If you asked most Internet Explorer deserters their reasons for switching, security would likely be high on the list. With this in mind, we couldn’t help but chuckle at several quotes from Avant Browser’s FAQ page. “Since it’s based on Internet Explorer, Avant Browser is as secure as Internet Explorer,” went one particular gem, presumably intended as a straight-faced positive.
It’s described as a custom web browser application, designed to “expand the services provided by” Internet Explorer. What this actually means is that you need Microsoft’s browser installed to run Avant, which merely piggybacks on top of the Trident engine with its own interface. Yes, it’s essentially an IE add-on. Delve into the long menus and you’ll even find IE’s Internet Options pane for directly altering the underlying settings.
That’s great news if your main reason for leaving Internet Explorer was that it was just too darned pretty, for Avant takes that polished IE interface and slaps a thick coat of circa-2006 Firefox 2 over the top of it. Or is it Netscape Navigator 9 from 2007? It’s hard to tell beneath the opaque grey finish and the mess of icons other browsers have long done away with.
The interface isn’t a retro design choice, though: the reason it looks so old is that the last major release was Avant Browser 11, way back in September 2006. In some ways it was ahead of its time, introducing an online account for your bookmarks – something Google has only recently added to Chrome – as well as an RSS reader and an auto-fill function.
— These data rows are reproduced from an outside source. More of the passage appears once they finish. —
lemma finite_triple_product:
  "(z + 1) * prod_z_plus x z a * prod_one_plus x z b =
    (\<Sum>j\<le>a+b+1. qbinom x (a+b+1) j * x ^ triple_exp a j * z ^ j)"
proof (induction a)
  case 0
  show ?case
    using qbinomial_theorem[of z x b] by (simp add: triple_exp_0 algebra_simps)
next
  case (Suc a)
  define M where "M = a + b + 1"
  define A where "A j = qbinom x M j * x ^ triple_exp a j" for j
  have "(z + 1) * prod_z_plus x z (Suc a) * prod_one_plus x z b =
      ((z + 1) * prod_z_plus x z a * prod_one_plus x z b) * (x ^ Suc a + 1 * z)"
    by (simp add: algebra_simps)
  also have "\<dots> = (\<Sum>j\<le>M. A j * z ^ j) * (x ^ Suc a + 1 * z)"
    by (simp only: Suc.IH) (simp add: A_def M_def)
  also have "\<dots> = (\<Sum>j\<le>Suc M. (x ^ Suc a * A j + 1 * (if j = 0 then 0 else A (j - 1))) * z ^ j)"
    by (rule sum_powers_mult_linear) (simp add: A_def qbinom_eq_0)
  also have "\<dots> = (\<Sum>j\<le>Suc M. qbinom x (Suc M) j * x ^ triple_exp (Suc a) j * z ^ j)"
  proof (rule sum.cong[OF refl])
    fix j
    show "(x ^ Suc a * A j + 1 * (if j = 0 then 0 else A (j - 1))) * z ^ j =
        qbinom x (Suc M) j * x ^ triple_exp (Suc a) j * z ^ j"
    proof (cases j)
      case (Suc k)
      have pow: "x ^ Suc a * x ^ triple_exp a (Suc k) = x ^ Suc k * x ^ triple_exp (Suc a) (Suc k)"
        using triple_exp_step[of a k] by (simp only: power_add[symmetric])
      have "x ^ Suc a * A (Suc k) + A k =
          qbinom x M (Suc k) * (x ^ Suc a * x ^ triple_exp a (Suc k)) +
          qbinom x M k * x ^ triple_exp (Suc a) (Suc k)"
        unfolding A_def triple_exp_Suc_Suc by (simp only: mult_ac)
      also have "\<dots> = (qbinom x M k + x ^ Suc k * qbinom x M (Suc k)) * x ^ triple_exp (Suc a) (Suc k)"
        by (simp only: pow distrib_right distrib_left mult_ac add.commute)
      finally show ?thesis
        using Suc by simp
    qed (simp add: A_def triple_exp_def power_add[symmetric] algebra_simps)
  qed
  finally show ?case
    by (simp add: M_def)
qed

lemma poly_prod_z_plus: "poly (prod_z_plus x z a) w = prod_z_plus (poly x w) (poly z w) a"
  by (induction a) auto

lemma poly_prod_one_plus: "poly (prod_one_plus x z b) w = prod_one_plus (poly x w) (poly z w) b"
  by (induction b) auto

lemma qbinom_pCons_const: "qbinom [:y:] m j = [:qbinom y m j:]"
proof (induction m arbitrary: j)
  case (Suc m)
  then show ?case
    by (cases j) (simp_all add: one_pCons poly_const_pow)
qed (simp add: one_pCons)

lemma coeff_1_linear_power: "coeff ([:-1, 1:] ^ j :: 'a::comm_ring_1 poly) 1 = - of_nat j * (-1) ^ j"
proof -
  have "coeff ([:-1, 1:] ^ j :: 'a poly) 0 = (-1) ^ j \<and> coeff ([:-1, 1:] ^ j :: 'a poly) 1 = - of_nat j * (-1) ^ j"
  proof (induction j)
    case (Suc j)
    have "[:-1, 1:] ^ Suc j = pCons (-1) [:1:] * ([:-1, 1:] ^ j :: 'a poly)"
      by simp
    with Suc.IH show ?case
      by (simp add: coeff_pCons algebra_simps)
  qed simp
  then show ?thesis ..
qed

lemma prod_z_plus_minus_one: "prod_z_plus y (-1) n = (-1) ^ n * qpoch y n"
  by (induction n) (auto simp: algebra_simps)

lemma prod_one_plus_minus_one: "prod_one_plus y (-1) n = qpoch y n"
  by (induction n) (auto simp: algebra_simps)

text \<open>Put \<open>z = w - 1\<close> in the finite triple product and compare coefficients of \<open>w\<close>: the
  left side is \<open>w\<close> times a product whose value at \<open>w = 0\<close> is \<open>(-1)\<^sup>n (y;y)\<^sub>n\<^sup>2\<close>.\<close>
lemma finite_jacobi_identity:
  fixes y :: "'a::comm_ring_1"
  shows "(-1) ^ n * qpoch y n ^ 2 =
    (\<Sum>j\<le>n+n+1. qbinom y (n+n+1) j * y ^ triple_exp n j * (- of_nat j * (-1) ^ j))"
proof -
  let ?z = "[:-1, 1:] :: 'a poly" and ?x = "[:y:]"
  let ?p = "prod_z_plus ?x ?z n * prod_one_plus ?x ?z n"
  have "(?z + 1) * prod_z_plus ?x ?z n * prod_one_plus ?x ?z n = pCons 0 ?p"
    by (simp add: one_pCons mult.assoc)
  then have "coeff ((?z + 1) * prod_z_plus ?x ?z n * prod_one_plus ?x ?z n) 1 = poly ?p 0"
    by (simp add: poly_0_coeff_0)
  also have "\<dots> = (-1) ^ n * qpoch y n ^ 2"
    by (simp add: poly_prod_z_plus poly_prod_one_plus prod_z_plus_minus_one
        prod_one_plus_minus_one power2_eq_square)
  finally have lhs: "coeff ((?z + 1) * prod_z_plus ?x ?z n * prod_one_plus ?x ?z n) 1 =
      (-1) ^ n * qpoch y n ^ 2" .
  have "coeff (\<Sum>j\<le>n+n+1. qbinom ?x (n+n+1) j * ?x ^ triple_exp n j * ?z ^ j) 1 =
      (\<Sum>j\<le>n+n+1. qbinom y (n+n+1) j * y ^ triple_exp n j * (- of_nat j * (-1) ^ j))"
    unfolding coeff_sum
    by (rule sum.cong[OF refl])
      (simp add: qbinom_pCons_const poly_const_pow coeff_1_linear_power[simplified] ac_simps)
  with lhs show ?thesis
    by (simp only: finite_triple_product)
qed

section \<open>Truncated identities of Gauss and Jacobi\<close>

fun odd_qpoch :: "nat \<Rightarrow> 'a::comm_ring_1 fps" where
  "odd_qpoch 0 = 1"
| "odd_qpoch (Suc k) = odd_qpoch k * (1 - fps_X ^ (2 * k + 1))"

definition shifted_square :: "nat \<Rightarrow> nat \<Rightarrow> nat" where
  "shifted_square n j = (if j \<le> n then (n - j)^2 else (j - n)^2)"

lemma two_mult_triangular: "2 * triangular k = k * (k + 1)"
  by (induction k) (auto simp: algebra_simps)

lemma two_mult_triple_exp: "2 * triple_exp n j + j = n + shifted_square n j"
proof (cases "j \<le> n")
  case True
  then obtain k where k: "n = j + k"
    using le_Suc_ex by blast
  have "2 * triangular k + j = j + k + k^2"
    using two_mult_triangular[of k] by (simp add: power2_eq_square algebra_simps)
  with k show ?thesis
    by (simp add: triple_exp_def shifted_square_def)
next
  case False
  then obtain k where k: "j = n + 1 + k"
    by (metis add_Suc_right le_Suc_ex not_less_eq_eq Suc_eq_plus1)
  have "2 * triangular k + j = n + (k + 1)^2"
    using two_mult_triangular[of k] k by (simp add: power2_eq_square algebra_simps)
  with k show ?thesis
    by (simp add: triple_exp_def shifted_square_def)
qed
Unfortunately, in the three-and-a-half years and close to 50 minor updates since, it’s received zero new features.
It’s evident that Opera was the main early influence, with Avant offering the ability to undock tabs and tile or arrange them within the overall browser window. Rather than simply dragging the tab to its destination, it’s all done with right-clicks and menus so it’s not exactly smooth, but it’s a nice way to compare websites.
Other than that, the most interesting touches we could find – and it was tough – were a button to close all but the current tab and another to automatically scroll a window while you read, presumably to rest your poor mouse hand. That mouse hand can control tabs with 16 gestures enabled by holding the right mouse button; we disabled them after accidentally closing eight tabs with a distracted twitch. There’s an ad-blocker built-in, and a full-screen mode that removes the toolbars for use on smaller displays.
Performance was shaky during our tests under Windows 7. Resizing or dragging windows caused stuttering redraws, and while it was fine with Flash-heavy sites and HD video on iPlayer and YouTube, Google Docs brought its Avant tab to a complete freeze every time we tried to use it. Given that Internet Explorer 8 only scores 20/100 in the Acid3 test, we weren’t surprised to see Avant do the same, but its mid-table score of 6,489ms in SunSpider – and respectable 16MB memory usage – was actually better than we expected.
We don’t doubt Avant’s appeal early in its life, when it first melded Opera’s innovative tabbed browsing to the industry-accepted IE engine. It might even have swayed us when version 11 brought online bookmarks to the party. But today, in 2010, it’s been left so far behind that we’re troubled by its presence on the browser ballot at all. The big five browsers are established, reliable and constantly evolving packages; Avant’s latest version is nearly four years old and requires the engine of another browser to run at all.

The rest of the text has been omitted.